• PROBLEM TO SOLVE
Of the lines listed below, return exactly those that run from the line containing "imports Complex_Main" through the line containing "(\<forall>i. dual (dual i) = i) \<and>", both included.

• SUPPLIED MATERIAL
——

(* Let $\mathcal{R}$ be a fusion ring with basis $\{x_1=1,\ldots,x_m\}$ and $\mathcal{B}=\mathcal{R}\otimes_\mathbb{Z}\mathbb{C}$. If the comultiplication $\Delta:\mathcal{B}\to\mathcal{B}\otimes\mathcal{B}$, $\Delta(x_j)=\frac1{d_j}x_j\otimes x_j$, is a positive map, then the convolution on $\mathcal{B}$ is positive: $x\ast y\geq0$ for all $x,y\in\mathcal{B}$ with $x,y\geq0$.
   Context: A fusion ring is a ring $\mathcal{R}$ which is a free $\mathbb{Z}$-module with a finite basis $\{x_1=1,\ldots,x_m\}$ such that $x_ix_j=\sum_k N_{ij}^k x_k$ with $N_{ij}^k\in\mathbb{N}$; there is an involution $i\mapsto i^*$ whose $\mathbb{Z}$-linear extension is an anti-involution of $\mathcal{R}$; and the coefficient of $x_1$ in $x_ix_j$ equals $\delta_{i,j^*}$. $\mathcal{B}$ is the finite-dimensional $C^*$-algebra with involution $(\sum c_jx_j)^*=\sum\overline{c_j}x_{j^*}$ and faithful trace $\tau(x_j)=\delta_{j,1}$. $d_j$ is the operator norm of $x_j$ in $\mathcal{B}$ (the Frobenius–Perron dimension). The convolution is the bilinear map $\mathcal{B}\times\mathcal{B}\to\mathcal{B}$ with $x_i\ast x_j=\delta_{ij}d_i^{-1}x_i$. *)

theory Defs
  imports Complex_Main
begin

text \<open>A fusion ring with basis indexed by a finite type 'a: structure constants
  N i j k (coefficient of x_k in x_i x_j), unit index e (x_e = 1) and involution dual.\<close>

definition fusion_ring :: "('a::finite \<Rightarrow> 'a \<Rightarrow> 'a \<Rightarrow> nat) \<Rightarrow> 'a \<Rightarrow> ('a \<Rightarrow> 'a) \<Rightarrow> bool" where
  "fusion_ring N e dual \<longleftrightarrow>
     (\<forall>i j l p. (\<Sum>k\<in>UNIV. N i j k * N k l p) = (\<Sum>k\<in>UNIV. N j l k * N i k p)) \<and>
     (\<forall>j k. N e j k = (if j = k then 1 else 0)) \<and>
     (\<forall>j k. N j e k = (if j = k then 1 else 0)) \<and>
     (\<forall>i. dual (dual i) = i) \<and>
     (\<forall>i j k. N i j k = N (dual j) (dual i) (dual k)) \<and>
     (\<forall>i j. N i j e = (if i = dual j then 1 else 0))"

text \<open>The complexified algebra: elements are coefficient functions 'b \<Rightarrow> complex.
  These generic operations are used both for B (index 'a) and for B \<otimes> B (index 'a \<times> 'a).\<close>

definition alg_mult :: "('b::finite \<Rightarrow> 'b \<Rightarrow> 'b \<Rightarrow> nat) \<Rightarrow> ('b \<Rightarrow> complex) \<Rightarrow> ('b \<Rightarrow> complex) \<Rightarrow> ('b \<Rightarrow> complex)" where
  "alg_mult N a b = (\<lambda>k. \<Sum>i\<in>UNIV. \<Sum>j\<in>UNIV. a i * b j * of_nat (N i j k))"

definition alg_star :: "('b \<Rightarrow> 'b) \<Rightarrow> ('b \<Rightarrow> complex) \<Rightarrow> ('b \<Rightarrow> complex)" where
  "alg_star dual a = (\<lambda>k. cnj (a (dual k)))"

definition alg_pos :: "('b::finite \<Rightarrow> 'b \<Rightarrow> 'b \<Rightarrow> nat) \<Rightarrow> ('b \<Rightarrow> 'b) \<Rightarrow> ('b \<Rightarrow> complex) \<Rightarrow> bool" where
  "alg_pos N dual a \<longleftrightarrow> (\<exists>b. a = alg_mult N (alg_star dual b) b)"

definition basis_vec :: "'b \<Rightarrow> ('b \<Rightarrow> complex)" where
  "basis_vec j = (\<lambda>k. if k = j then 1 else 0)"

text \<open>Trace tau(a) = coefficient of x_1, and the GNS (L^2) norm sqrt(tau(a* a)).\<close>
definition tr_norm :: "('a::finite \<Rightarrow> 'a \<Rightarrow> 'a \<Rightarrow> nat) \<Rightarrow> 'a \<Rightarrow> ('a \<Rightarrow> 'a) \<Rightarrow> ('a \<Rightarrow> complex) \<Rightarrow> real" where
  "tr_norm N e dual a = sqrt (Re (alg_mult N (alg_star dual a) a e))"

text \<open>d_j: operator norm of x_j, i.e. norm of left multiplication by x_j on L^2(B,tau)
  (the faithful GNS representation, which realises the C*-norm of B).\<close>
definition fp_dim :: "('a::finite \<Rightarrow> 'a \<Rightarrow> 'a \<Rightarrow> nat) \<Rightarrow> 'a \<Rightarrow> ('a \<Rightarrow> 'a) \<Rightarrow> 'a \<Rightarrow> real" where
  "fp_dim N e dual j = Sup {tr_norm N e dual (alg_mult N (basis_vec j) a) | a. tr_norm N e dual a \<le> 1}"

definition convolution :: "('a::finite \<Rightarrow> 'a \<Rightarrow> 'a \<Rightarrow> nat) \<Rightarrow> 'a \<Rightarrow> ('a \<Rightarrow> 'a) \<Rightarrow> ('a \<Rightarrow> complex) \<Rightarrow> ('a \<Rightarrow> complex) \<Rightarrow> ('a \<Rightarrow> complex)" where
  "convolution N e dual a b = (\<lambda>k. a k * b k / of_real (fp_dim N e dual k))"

——

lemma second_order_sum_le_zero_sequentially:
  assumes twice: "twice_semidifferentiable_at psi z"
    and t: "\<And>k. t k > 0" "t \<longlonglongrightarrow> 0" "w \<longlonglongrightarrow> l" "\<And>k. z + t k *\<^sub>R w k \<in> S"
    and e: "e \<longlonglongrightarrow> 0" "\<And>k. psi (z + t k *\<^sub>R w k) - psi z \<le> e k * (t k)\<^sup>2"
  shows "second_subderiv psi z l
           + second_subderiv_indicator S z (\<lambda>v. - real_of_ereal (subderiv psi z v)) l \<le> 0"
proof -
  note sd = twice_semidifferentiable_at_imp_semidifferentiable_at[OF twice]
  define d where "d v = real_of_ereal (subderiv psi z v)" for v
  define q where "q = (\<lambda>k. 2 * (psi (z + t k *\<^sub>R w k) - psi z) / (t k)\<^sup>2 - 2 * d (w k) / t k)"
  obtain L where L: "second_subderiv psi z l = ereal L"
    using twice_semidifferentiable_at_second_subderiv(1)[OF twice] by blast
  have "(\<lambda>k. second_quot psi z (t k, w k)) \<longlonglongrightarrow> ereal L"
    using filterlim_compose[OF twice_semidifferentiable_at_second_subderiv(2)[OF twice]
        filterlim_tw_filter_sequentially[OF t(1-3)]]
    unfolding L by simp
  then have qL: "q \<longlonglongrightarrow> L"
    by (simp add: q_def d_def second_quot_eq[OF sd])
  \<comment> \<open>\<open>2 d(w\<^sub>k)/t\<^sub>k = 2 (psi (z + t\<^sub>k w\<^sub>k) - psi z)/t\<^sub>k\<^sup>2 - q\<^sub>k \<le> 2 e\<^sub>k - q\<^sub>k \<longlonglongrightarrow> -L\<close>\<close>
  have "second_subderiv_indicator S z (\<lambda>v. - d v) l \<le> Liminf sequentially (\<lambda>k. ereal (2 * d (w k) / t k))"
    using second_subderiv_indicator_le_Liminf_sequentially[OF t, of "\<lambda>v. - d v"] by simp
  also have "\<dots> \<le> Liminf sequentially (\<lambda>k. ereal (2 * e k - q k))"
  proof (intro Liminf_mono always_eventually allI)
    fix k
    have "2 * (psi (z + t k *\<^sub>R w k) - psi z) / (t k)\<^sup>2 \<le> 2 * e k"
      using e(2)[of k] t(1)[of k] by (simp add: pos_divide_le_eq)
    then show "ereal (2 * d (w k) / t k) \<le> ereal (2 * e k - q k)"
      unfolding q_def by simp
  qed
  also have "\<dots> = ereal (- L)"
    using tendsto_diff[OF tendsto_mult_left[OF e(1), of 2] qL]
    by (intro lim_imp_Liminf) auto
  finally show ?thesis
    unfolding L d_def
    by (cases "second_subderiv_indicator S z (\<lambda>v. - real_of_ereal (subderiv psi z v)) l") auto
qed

——

• ANSWER FOR THE TASK
  imports Complex_Main
begin

text \<open>A fusion ring with basis indexed by a finite type 'a: structure constants
  N i j k (coefficient of x_k in x_i x_j), unit index e (x_e = 1) and involution dual.\<close>

definition fusion_ring :: "('a::finite \<Rightarrow> 'a \<Rightarrow> 'a \<Rightarrow> nat) \<Rightarrow> 'a \<Rightarrow> ('a \<Rightarrow> 'a) \<Rightarrow> bool" where
  "fusion_ring N e dual \<longleftrightarrow>
     (\<forall>i j l p. (\<Sum>k\<in>UNIV. N i j k * N k l p) = (\<Sum>k\<in>UNIV. N j l k * N i k p)) \<and>
     (\<forall>j k. N e j k = (if j = k then 1 else 0)) \<and>
     (\<forall>j k. N j e k = (if j = k then 1 else 0)) \<and>
     (\<forall>i. dual (dual i) = i) \<and>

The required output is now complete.